We woke up raindrops sitting on the tent, but at least it wasn’t actually raining while we packed up. We had a later start than we hoped today, but ended up getting to the campsite we had wanted to anyway. Dawson was fun, but it is good to be getting away from the bars and casino.
Today was north on the Dempster Highway. Highway is a strong word for this road. It is a 900km unpaved road from just outside of Dawson City to Tuktoyaktuk, with the Inuvik to Tuk portion just opening this year. The Yukon portion of the road is made from shale, treated with calcium chloride. It is super hard on tires and either very dusty when dry, or slippery when wet. The best time to drive it is within a day after rain, so we were hitting it at a great time.
Our first stop was the Tombstone Territorial Park Interpretive Centre. We popped in to get our Dempster Highway passports stamped, but also took the chance to ask them a few questions, as we plan to stop there on the way back down.

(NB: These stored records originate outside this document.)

(* Let $M_{\mathbf a}$ be a Brieskorn manifold of dimension $5$ or $7$ (i.e. $n=3$ or $n=4$) with all exponents $a_j\ge 2$, whose natural Sasakian structure is regular and positive. Then, up to reordering of the coordinates, (1) if $n=3$: $\mathbf a\in\{(2,2,2,2),(3,3,3,3),(4,4,4,2),(6,6,3,2)\}$; (2) if $n=4$: $\mathbf a\in\{(2,2,2,2,2),(3,3,3,3,3),(4,4,4,4,4),(4,4,4,4,2),(6,6,6,6,2),(6,6,6,3,2)\}$.
   Context: For a degree $d$, weight vector $\mathbf w=(w_0,\dots,w_n)\in(\mathbb Z^+)^{n+1}$ and exponents $a_i=d/w_i\in\mathbb Z^+$, the Brieskorn–Pham polynomial is $f_{\mathbf a}(\mathbf z)=z_0^{a_0}+\dots+z_n^{a_n}$ and the Brieskorn manifold is $M_{\mathbf a}=\{f_{\mathbf a}=0\}\cap S^{2n+1}\subset\mathbb C^{n+1}$, of dimension $2n-1$. It carries a natural Sasakian structure whose Reeb field generates the weighted circle action $\lambda\cdot\mathbf z=(\lambda^{w_0}z_0,\dots,\lambda^{w_n}z_n)$. This structure is regular if and only if the weights $w_j$ are pairwise relatively prime, and it is positive if and only if $|\mathbf w|-d>0$, where $|\mathbf w|=\sum_jw_j$. *)

theory Defs
  imports Main "HOL-Library.Multiset"
begin

text \<open>Brieskorn--Pham data in n+1 variables: degree d, weights w, exponents a,
  all as lists of length n+1, with w_j positive and a_j = d / w_j, i.e. a_j * w_j = d.\<close>
definition bp_data :: "nat \<Rightarrow> nat \<Rightarrow> nat list \<Rightarrow> nat list \<Rightarrow> bool" where
  "bp_data n d w a \<longleftrightarrow> length w = n + 1 \<and> length a = n + 1 \<and>
     (\<forall>j < n + 1. 0 < w ! j \<and> a ! j * w ! j = d)"

definition sasaki_regular :: "nat list \<Rightarrow> bool" where
  "sasaki_regular w \<longleftrightarrow>
     (\<forall>i < length w. \<forall>j < length w. i \<noteq> j \<longrightarrow> coprime (w ! i) (w ! j))"

definition sasaki_positive :: "nat \<Rightarrow> nat list \<Rightarrow> bool" where
  "sasaki_positive d w \<longleftrightarrow> int (sum_list w) - int d > 0"

end

theory Submission
  imports Defs
begin

(* Pairwise coprime weights all divide d, so their product does too.  For a weight x
   with q the product of the other n weights this gives x q <= d < x + (sum of the others)
   <= x + q + n - 1, because a sum of positive integers exceeds their product by less than
   their number; together with 2 x <= d (from a_x >= 2) and n <= 4 this forces x <= 3.
   Coprimality lets 2 and 3 occur at most once, so the weights are ones plus possibly
   a 2 and a 3, and the few remaining possibilities for the weights and d are enumerated. *)

(* W - {#x#} drops a single occurrence, so repeated entries must be coprime to each other:
   only 1 may repeat *)
definition pairwise_coprime_mset :: "nat multiset \<Rightarrow> bool" where
  "pairwise_coprime_mset W \<longleftrightarrow> (\<forall>x \<in># W. \<forall>y \<in># W - {#x#}. coprime x y)"

lemma pairwise_coprime_mset_empty [simp]: "pairwise_coprime_mset {#}"
  by (simp add: pairwise_coprime_mset_def)

lemma pairwise_coprime_mset_add_mset:
  "pairwise_coprime_mset (add_mset x W) \<longleftrightarrow> (\<forall>y \<in># W. coprime x y) \<and> pairwise_coprime_mset W"
proof
  assume pc: "pairwise_coprime_mset (add_mset x W)"
  then have "\<forall>y \<in># W. coprime x y"
    by (simp add: pairwise_coprime_mset_def)
  moreover have "coprime a b" if "a \<in># W" "b \<in># W - {#a#}" for a b
    using pc that unfolding pairwise_coprime_mset_def by simp
  ultimately show "(\<forall>y \<in># W. coprime x y) \<and> pairwise_coprime_mset W"
    by (simp add: pairwise_coprime_mset_def)
next
  assume "(\<forall>y \<in># W. coprime x y) \<and> pairwise_coprime_mset W"
  then have x: "\<forall>y \<in># W. coprime x y" and W: "pairwise_coprime_mset W"
    by blast+
  have "coprime a b" if a: "a \<in># add_mset x W" and b: "b \<in># add_mset x W - {#a#}" for a b
  proof (cases "a = x")
    case True
    then show ?thesis
      using x b by simp
  next
    case False
    then have "a \<in># W"
      using a by simp
    then have "b = x \<or> b \<in># W - {#a#}"
      using b by simp
    then show ?thesis
      using x W \<open>a \<in># W\<close> by (auto simp: pairwise_coprime_mset_def coprime_commute)
  qed
  then show "pairwise_coprime_mset (add_mset x W)"
    by (simp add: pairwise_coprime_mset_def)
qed

lemma sasaki_regular_Cons:
  "sasaki_regular (x # xs) \<longleftrightarrow> (\<forall>y \<in> set xs. coprime x y) \<and> sasaki_regular xs"
proof
  assume reg: "sasaki_regular (x # xs)"
  have "coprime x (xs ! j)" if "j < length xs" for j
    using reg that unfolding sasaki_regular_def
    by (metis Suc_less_eq length_Cons nat.distinct(1) nth_Cons_0 nth_Cons_Suc zero_less_Suc)
  moreover have "sasaki_regular xs"
    using reg unfolding sasaki_regular_def
    by (metis Suc_less_eq length_Cons nat.inject nth_Cons_Suc)
  ultimately show "(\<forall>y \<in> set xs. coprime x y) \<and> sasaki_regular xs"
    by (auto simp: in_set_conv_nth)
next
  assume "(\<forall>y \<in> set xs. coprime x y) \<and> sasaki_regular xs"
  then show "sasaki_regular (x # xs)"
    unfolding sasaki_regular_def by (auto simp: nth_Cons' coprime_commute)
qed

lemma pairwise_coprime_mset_iff_sasaki_regular:
  "pairwise_coprime_mset (mset w) \<longleftrightarrow> sasaki_regular w"
  by (induction w)
    (simp add: sasaki_regular_def, simp add: pairwise_coprime_mset_add_mset sasaki_regular_Cons)

lemma coprime_prod_mset_right:
  fixes x :: "'a::semiring_gcd"
  shows "\<forall>y \<in># W. coprime x y \<Longrightarrow> coprime x (prod_mset W)"
  by (induction W) simp_all

lemma prod_mset_dvd_if_pairwise_coprime:
  assumes "pairwise_coprime_mset W" and "\<forall>x \<in># W. x dvd d"
  shows "prod_mset W dvd d"
  using assms
proof (induction W)
  case empty
  then show ?case by simp
next
  case (add x W)
  then have "coprime x (prod_mset W)" and "prod_mset W dvd d"
    by (simp_all add: pairwise_coprime_mset_add_mset coprime_prod_mset_right)
  then show ?case
    using add.prems(2) by (simp add: divides_mult)
qed

lemma count_le_1_if_pairwise_coprime:
  assumes "pairwise_coprime_mset W" and "x \<noteq> 1"
  shows "count W x \<le> 1"
proof (rule ccontr)
  assume "\<not> count W x \<le> 1"
  then have "x \<in># W" and "x \<in># W - {#x#}"
    by (simp_all add: count_greater_zero_iff[symmetric] del: count_greater_zero_iff)
  then have "coprime x x"
    using assms(1) unfolding pairwise_coprime_mset_def by blast
  then show False
    using assms(2) by simp
qed

lemma sum_mset_le_prod_mset:
  fixes M :: "nat multiset"
  assumes "\<forall>x \<in># M. 0 < x"
  shows "sum_mset M + 1 \<le> prod_mset M + size M"
  using assms
proof (induction M)
  case empty
  then show ?case by simp
next
  case (add x M)
  have "0 < x" and "prod_mset M \<noteq> 0"
    using add.prems by auto
  then have "x + prod_mset M \<le> x * prod_mset M + 1"
    by (cases x; cases "prod_mset M") simp_all
  then show ?case
    using add by simp
qed

lemma coprime_factor_le_3:
  fixes x q d :: nat
  assumes "x * q \<le> d" and "2 * x \<le> d" and "d < x + q + 3"
    and "coprime x q" and "0 < q"
  shows "x \<le> 3"
proof (rule ccontr)
  assume "\<not> x \<le> 3"
  then obtain u where x: "x = 4 + u"
    using le_Suc_ex[of 4 x] by auto
  consider "q = 1" | "q = 2" | "3 \<le> q"
    using \<open>0 < q\<close> by linarith
  then show False
  proof cases
    case 1
    then show False
      using assms(2,3) x by linarith
  next
    case 2
    then have "x = 4"
      using assms(2,3) x by linarith
    then show False
      using assms(4) 2 by simp
  next
    case 3
    then obtain v where q: "q = 3 + v"
      using le_Suc_ex by blast
    have "x * q = 12 + 4 * v + 3 * u + u * v"
      unfolding x q by (simp add: algebra_simps)
    then show False
      using assms(1,3) x q by linarith
  qed
qed

lemma pairwise_coprime_weight_le_3:
  assumes pc: "pairwise_coprime_mset W" and size: "size W \<le> 5"
    and weights: "\<forall>y \<in># W. 0 < y \<and> y dvd d \<and> 2 * y \<le> d"
    and positive: "d < sum_mset W" and "x \<in># W"
  shows "x \<le> 3"
proof -
  obtain R where W: "W = add_mset x R"
    using \<open>x \<in># W\<close> by (metis mset_add)
  define q where "q = prod_mset R"
  have "0 < x" and "2 * x \<le> d"
    using weights \<open>x \<in># W\<close> by auto
  have "x * q dvd d"
    using prod_mset_dvd_if_pairwise_coprime[OF pc] weights W by (simp add: q_def)
  then have "x * q \<le> d"
    using \<open>0 < x\<close> \<open>2 * x \<le> d\<close> by (intro dvd_imp_le) auto
  have "sum_mset R + 1 \<le> q + size R"
    using sum_mset_le_prod_mset weights W by (simp add: q_def)
  then have "d < x + q + 3"
    using positive size W by simp
  have "coprime x q"
    using pc W by (simp add: q_def pairwise_coprime_mset_add_mset coprime_prod_mset_right)
  have "0 \<notin># R"
    using weights W by auto
  then have "0 < q"
    by (simp add: q_def zero_less_iff_neq_zero)
  show ?thesis
    by (rule coprime_factor_le_3) fact+
qed

lemma mset_eq_replicate_1_2_3:
  fixes W :: "nat multiset"
  assumes "set_mset W \<subseteq> {1, 2, 3}"
  shows "W = replicate_mset (count W 1) 1 + replicate_mset (count W 2) 2
           + replicate_mset (count W 3) 3"
proof (rule multiset_eqI)
  fix x
  show "count W x = count (replicate_mset (count W 1) 1 + replicate_mset (count W 2) 2
                             + replicate_mset (count W 3) 3) x"
    using assms by (cases "x \<in> {1, 2, 3}") (auto simp: count_eq_zero_iff)
qed

lemma replicate_mset_numeral:
  "replicate_mset (numeral n) x = add_mset x (replicate_mset (pred_numeral n) x)"
  by (simp add: numeral_eq_Suc)

(* k, i, j count the weights 1, 2, 3 *)
lemma weight_counts_table:
  fixes k i j d :: nat
  assumes "i \<le> 1" "j \<le> 1" "k + i + j = 4 \<or> k + i + j = 5" "2 ^ i * 3 ^ j dvd d"
    "0 < k \<longrightarrow> 2 * 1 \<le> d" "0 < i \<longrightarrow> 2 * 2 \<le> d" "0 < j \<longrightarrow> 2 * 3 \<le> d"
    "d < k + 2 * i + 3 * j"
  shows "(k, i, j, d) \<in> {(4,0,0,2), (4,0,0,3), (3,1,0,4), (2,1,1,6),
           (5,0,0,2), (5,0,0,3), (5,0,0,4), (4,1,0,4), (4,0,1,6), (3,1,1,6)}"
proof -
  have "i = 0 \<or> i = 1" "j = 0 \<or> j = 1"
    using assms(1,2) by auto
  moreover have "d = 2 \<or> d = 3 \<or> d = 4 \<or> d = 5 \<or> d = 6 \<or> d = 7"
    using assms(1-3,5,8) by arith
  ultimately show ?thesis
    using assms(3,4,6-8) by (elim disjE) simp_all
qed

lemma exponents_of_weight_counts:
  fixes k i j d n :: nat
  assumes "(k, i, j, d) \<in> {(4,0,0,2), (4,0,0,3), (3,1,0,4), (2,1,1,6),
             (5,0,0,2), (5,0,0,3), (5,0,0,4), (4,1,0,4), (4,0,1,6), (3,1,1,6)}"
    and "k + i + j = n + 1"
  defines "A \<equiv> replicate_mset k d + replicate_mset i (d div 2) + replicate_mset j (d div 3)"
  shows "(n = 3 \<longrightarrow> A \<in> {mset [2,2,2,2], mset [3,3,3,3], mset [4,4,4,2], mset [6,6,3,2]})
       \<and> (n = 4 \<longrightarrow> A \<in> {mset [2,2,2,2,2], mset [3,3,3,3,3], mset [4,4,4,4,4],
                                mset [4,4,4,4,2], mset [6,6,6,6,2], mset [6,6,6,3,2]})"
  using assms(1,2) unfolding A_def by (auto simp: replicate_mset_numeral add_mset_commute)

lemma exponents_classification:
  fixes W :: "nat multiset" and n d :: nat
  assumes n: "n = 3 \<or> n = 4" and size: "size W = n + 1"
    and pc: "pairwise_coprime_mset W"
    and weights: "\<forall>x \<in># W. 0 < x \<and> x dvd d \<and> 2 * x \<le> d"
    and positive: "d < sum_mset W"
  shows "(n = 3 \<longrightarrow> image_mset (\<lambda>x. d div x) W \<in> {mset [2,2,2,2], mset [3,3,3,3], mset [4,4,4,2], mset [6,6,3,2]})
       \<and> (n = 4 \<longrightarrow> image_mset (\<lambda>x. d div x) W \<in> {mset [2,2,2,2,2], mset [3,3,3,3,3], mset [4,4,4,4,4],
                                mset [4,4,4,4,2], mset [6,6,6,6,2], mset [6,6,6,3,2]})"
proof -
  define k i j where "k = count W 1" and "i = count W 2" and "j = count W 3"
  have "set_mset W \<subseteq> {1, 2, 3}"
  proof
    fix x assume "x \<in># W"
    then have "0 < x" and "x \<le> 3"
      using weights pairwise_coprime_weight_le_3[OF pc _ weights positive] n size by auto
    then show "x \<in> {1, 2, 3}"
      by auto
  qed
  then have W: "W = replicate_mset k 1 + replicate_mset i 2 + replicate_mset j 3"
    unfolding k_def i_def j_def by (rule mset_eq_replicate_1_2_3)
  have sizes: "k + i + j = n + 1"
    using size by (simp add: W)
  have "prod_mset W dvd d"
    using prod_mset_dvd_if_pairwise_coprime[OF pc] weights by blast
  have twice_le: "0 < count W x \<longrightarrow> 2 * x \<le> d" for x
    using weights by simp
  have "(k, i, j, d) \<in> {(4,0,0,2), (4,0,0,3), (3,1,0,4), (2,1,1,6),
           (5,0,0,2), (5,0,0,3), (5,0,0,4), (4,1,0,4), (4,0,1,6), (3,1,1,6)}"
  proof (rule weight_counts_table)
    show "i \<le> 1" "j \<le> 1"
      unfolding i_def j_def using count_le_1_if_pairwise_coprime[OF pc] by simp_all
    show "k + i + j = 4 \<or> k + i + j = 5"
      using n sizes by auto
    show "2 ^ i * 3 ^ j dvd d"
      using \<open>prod_mset W dvd d\<close> by (simp add: W)
    show "0 < k \<longrightarrow> 2 * 1 \<le> d" "0 < i \<longrightarrow> 2 * 2 \<le> d" "0 < j \<longrightarrow> 2 * 3 \<le> d"
      unfolding k_def i_def j_def by (fact twice_le)+
    show "d < k + 2 * i + 3 * j"
      using positive by (simp add: W)
  qed
  moreover have "image_mset (\<lambda>x. d div x) W
      = replicate_mset k d + replicate_mset i (d div 2) + replicate_mset j (d div 3)"
    by (simp add: W)
  ultimately show ?thesis
    using exponents_of_weight_counts[OF _ sizes] by simp
qed

lemma bp_data_exponents:
  assumes "bp_data n d w a"
  shows "a = map (\<lambda>x. d div x) w"
proof (rule nth_equalityI)
  show "length a = length (map (\<lambda>x. d div x) w)"
    using assms by (simp add: bp_data_def)
  fix j assume "j < length a"
  then have "j < length w" "0 < w ! j" "a ! j * w ! j = d"
    using assms by (auto simp: bp_data_def)
  then show "a ! j = map (\<lambda>x. d div x) w ! j"
    by auto
qed

lemma bp_data_weights:
  assumes "bp_data n d w a" and "\<forall>j < n + 1. a ! j \<ge> 2" and "x \<in> set w"
  shows "0 < x \<and> x dvd d \<and> 2 * x \<le> d"
proof -
  obtain j where j: "j < n + 1" "x = w ! j"
    using assms(1,3) unfolding bp_data_def by (metis in_set_conv_nth)
  then have "0 < x" "a ! j * x = d" "2 \<le> a ! j"
    using assms(1,2) unfolding bp_data_def by auto
  then show ?thesis
    by (metis dvd_triv_right mult_le_mono1)
qed

theorem proposition3p13:
  fixes n d :: nat and w a :: "nat list"
  assumes "n = 3 \<or> n = 4"
    and "bp_data n d w a"
    and "\<forall>j < n + 1. a ! j \<ge> 2"
    and "sasaki_regular w"
    and "sasaki_positive d w"
  shows "(n = 3 \<longrightarrow> mset a \<in> {mset [2,2,2,2], mset [3,3,3,3], mset [4,4,4,2], mset [6,6,3,2]})
       \<and> (n = 4 \<longrightarrow> mset a \<in> {mset [2,2,2,2,2], mset [3,3,3,3,3], mset [4,4,4,4,4],
                                mset [4,4,4,4,2], mset [6,6,6,6,2], mset [6,6,6,3,2]})"
proof -
  have "mset a = image_mset (\<lambda>x. d div x) (mset w)"
    using bp_data_exponents[OF assms(2)] by simp
  moreover have "size (mset w) = n + 1"
    using assms(2) by (simp add: bp_data_def)
  moreover have "pairwise_coprime_mset (mset w)"
    using assms(4) by (simp add: pairwise_coprime_mset_iff_sasaki_regular)
  moreover have "\<forall>x \<in># mset w. 0 < x \<and> x dvd d \<and> 2 * x \<le> d"
    using bp_data_weights[OF assms(2,3)] by simp
  moreover have "d < sum_mset (mset w)"
    using assms(5) by (simp add: sasaki_positive_def sum_mset_sum_list)
  ultimately show ?thesis
    using exponents_classification[OF assms(1)] by simp
qed

end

The next stop was our first unplanned stop of the trip about 16km short of Eagle Plains when the low tire pressure light came on. A quick look at the tires didn’t show any visible damage, and Eagle Plains was close so we pressed on. By the time we got to Eagle Plains, and pulled up to the gas pumps, the left-rear tire was visibly low. By the time the tire repair guy came to look at it, it was flat as a pancake. He showed us the damaged spot, a finger sized hole was punched through the tread, likely from a sharp rock. Luckily, it was repairable, so we were back on the road with our wallets being not much lighter. (We were even pleasantly surprised at the price of gas) We are not sure if speed was a factor, but slowed down even more for the remainder of the road.
Next up, about 35km from Eagle Plains, was the Arctic Circle, a first-time experience for Linda. Welcome to the arctic explorer club! Of course, we stopped for a photo op.

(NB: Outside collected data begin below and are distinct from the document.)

(* Let $L_t,M_t:(-\epsilon,\epsilon)\to SU(3)$ be smooth paths, and let $L'_0=L_0^{-1}\frac{dL_t}{dt}\big|_{t=0}$. Assume $$L_0=\begin{pmatrix}\lambda&0&0\\0&\lambda&0\\0&0&\lambda^{-2}\end{pmatrix},\qquad L'_0=\begin{pmatrix}i\alpha&0&0\\0&-i\alpha&0\\0&0&0\end{pmatrix},$$ where $\lambda$ is a complex number of modulus one and of infinite multiplicative order, and $\alpha\neq0$ is real. If $\frac{d}{dt}\mathrm{tr}(W_t)\big|_{t=0}=0$ for every word $W_t$ in $L_t$ and $M_t$, then $M_0\in G_\eta$ for some $\eta\in[0,2\pi)$.
   Context: A word in $L_t,M_t$ is a finite product of the matrices $L_t^{\pm1},M_t^{\pm1}$. For $\eta\in[0,2\pi)$, $G_\eta$ is the subgroup of $SU(3)$ consisting of matrices of the form $\begin{pmatrix}a&be^{-i\eta}&c\\ be^{i\eta}&a&ce^{i\eta}\\ c'&c'e^{-i\eta}&d\end{pmatrix}$ with $a,b,c,c',d\in\mathbb{C}$. *)

theory Defs
  imports "HOL-Analysis.Analysis"
begin

type_synonym cmat3 = "complex^3^3"

definition mat3 :: "complex \<Rightarrow> complex \<Rightarrow> complex \<Rightarrow> complex \<Rightarrow> complex \<Rightarrow> complex
    \<Rightarrow> complex \<Rightarrow> complex \<Rightarrow> complex \<Rightarrow> cmat3" where
  "mat3 a11 a12 a13 a21 a22 a23 a31 a32 a33 =
     vector [vector [a11, a12, a13], vector [a21, a22, a23], vector [a31, a32, a33]]"

definition adj3 :: "cmat3 \<Rightarrow> cmat3" where
  "adj3 A = (\<chi> i j. cnj (A $ j $ i))"

definition SU3 :: "cmat3 set" where
  "SU3 = {A. A ** adj3 A = mat 1 \<and> det A = 1}"

definition G_eta :: "real \<Rightarrow> cmat3 set" where
  "G_eta eta = {A \<in> SU3. \<exists>a b c c' d.
      A = mat3 a (b * cis (-eta)) c
               (b * cis eta) a (c * cis eta)
               c' (c' * cis (-eta)) d}"

definition smooth_on :: "real set \<Rightarrow> (real \<Rightarrow> 'a::real_normed_vector) \<Rightarrow> bool" where
  "smooth_on S f \<longleftrightarrow> (\<exists>D. D 0 = f \<and>
      (\<forall>k. \<forall>t\<in>S. (D k has_vector_derivative D (Suc k) t) (at t within S)))"

datatype letter = Lp | Li | Mp | Mi

fun letter_val :: "(real \<Rightarrow> cmat3) \<Rightarrow> (real \<Rightarrow> cmat3) \<Rightarrow> letter \<Rightarrow> real \<Rightarrow> cmat3" where
  "letter_val L M Lp t = L t"
| "letter_val L M Li t = matrix_inv (L t)"
| "letter_val L M Mp t = M t"
| "letter_val L M Mi t = matrix_inv (M t)"

fun word_val :: "(real \<Rightarrow> cmat3) \<Rightarrow> (real \<Rightarrow> cmat3) \<Rightarrow> letter list \<Rightarrow> real \<Rightarrow> cmat3" where
  "word_val L M [] t = mat 1"
| "word_val L M (x # xs) t = letter_val L M x t ** word_val L M xs t"

end

theory Submission
  imports Defs
begin

text \<open>Let \<open>X = diag(i alpha, -i alpha, 0)\<close> and \<open>Y = X M_0 - M_0 X\<close>. As \<open>L_0\<close> is diagonal and
  commutes with \<open>X\<close>, the derivative at \<open>0\<close> of \<open>tr(L^n M L^-n B)\<close> is
  \<open>n tr(L_0^n Y L_0^-n B_0)\<close> plus terms of the same shape without the factor \<open>n\<close>.
  Conjugation by \<open>L_0^n\<close> scales the entries of \<open>Y\<close> by \<open>1\<close>, \<open>lambda^3n\<close> or \<open>lambda^-3n\<close>,
  so the derivative is \<open>n (a + p z^n + q z^-n) + (a' + p' z^n + q' z^-n)\<close> with \<open>z = lambda^3\<close>.
  Since \<open>|z| = 1\<close> and \<open>z^2 \<noteq> 1\<close>, its vanishing for all \<open>n\<close> forces \<open>a = p = q = 0\<close>.
  For \<open>B = M^-1, M, M^2\<close>, and similarly for the word \<open>L^n M\<close>, this yields
  \<open>m11 = m22\<close>, \<open>|m12| = |m21|\<close>, \<open>|m13| = |m23|\<close>, \<open>|m31| = |m32|\<close>, \<open>m13 m31 = m23 m32\<close> and
  \<open>m12 m23 m31 = m21 m13 m32\<close>. Together with the unitarity of \<open>M_0\<close> these place \<open>M_0\<close> in
  \<open>G_eta\<close>, with \<open>e^(i eta) = m23 / m13\<close> (or \<open>e^(2 i eta) = m21 / m12\<close> when \<open>m13 = 0\<close>).\<close>

lemma mat3_nth [simp]:
  "mat3 a11 a12 a13 a21 a22 a23 a31 a32 a33 $ 1 $ 1 = a11"
  "mat3 a11 a12 a13 a21 a22 a23 a31 a32 a33 $ 1 $ 2 = a12"
  "mat3 a11 a12 a13 a21 a22 a23 a31 a32 a33 $ 1 $ 3 = a13"
  "mat3 a11 a12 a13 a21 a22 a23 a31 a32 a33 $ 2 $ 1 = a21"
  "mat3 a11 a12 a13 a21 a22 a23 a31 a32 a33 $ 2 $ 2 = a22"
  "mat3 a11 a12 a13 a21 a22 a23 a31 a32 a33 $ 2 $ 3 = a23"
  "mat3 a11 a12 a13 a21 a22 a23 a31 a32 a33 $ 3 $ 1 = a31"
  "mat3 a11 a12 a13 a21 a22 a23 a31 a32 a33 $ 3 $ 2 = a32"
  "mat3 a11 a12 a13 a21 a22 a23 a31 a32 a33 $ 3 $ 3 = a33"
  by (simp_all add: mat3_def)

lemma mat3_eq_iff:
  "(A::cmat3) = mat3 a11 a12 a13 a21 a22 a23 a31 a32 a33 \<longleftrightarrow>
     A$1$1 = a11 \<and> A$1$2 = a12 \<and> A$1$3 = a13 \<and> A$2$1 = a21 \<and> A$2$2 = a22 \<and> A$2$3 = a23 \<and>
     A$3$1 = a31 \<and> A$3$2 = a32 \<and> A$3$3 = a33"
  by (auto simp: vec_eq_iff forall_3)

lemma mat3_entries:
  "(A::cmat3) = mat3 (A$1$1) (A$1$2) (A$1$3) (A$2$1) (A$2$2) (A$2$3) (A$3$1) (A$3$2) (A$3$3)"
  by (simp add: mat3_eq_iff)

The scenery along the Dempster is amazing, and changes all along the way. From the sharp peaks of the Tombstones, the expanse of Eagle Plains, and the undulating Richardson Mountains. It is next to impossible to describe the vast expanse of the land. Linda said she had never seen anything like it before, I know I hadn’t the first time I drove it. It was nice to be the passenger for most of it this time, as I got to take in all the views
Near Engineer Creek Campground we passed by treeless mountains that look more like enormous gravel piles than the mountains most people are familiar with. It really seems quite surreal. We were able to spot 4 Dall Sheep meandering on the side of the mountain. They were to high up to get a good pic, though they are more identifiable than just white lobs on a grey background :). We also saw 2 bald eagles along the way, but unfortunately we were unable to stop for the first one and the second flew away before we could get a pic.
We hung our hats at the Rock Creek Territorial Campground. It is a small rustic campground with private treed sites and free firewood. It also had a welcoming committee of about a zillion mosquitoes. Nothing a little deet and some coils couldn’t fix.
We feasted on a wonderful meal of steaks, corn and potatoes done over the open fire, accompanied by a bottle of wine. What could be better. Still tired from our evenings in Dawson we called it an early night. Overnight it rained, though we were dry inside the tent in the morning, we did have to pack up wet gear, and our chairs had sat out all night. Oh well, we can dry them out in Tuk tomorrow.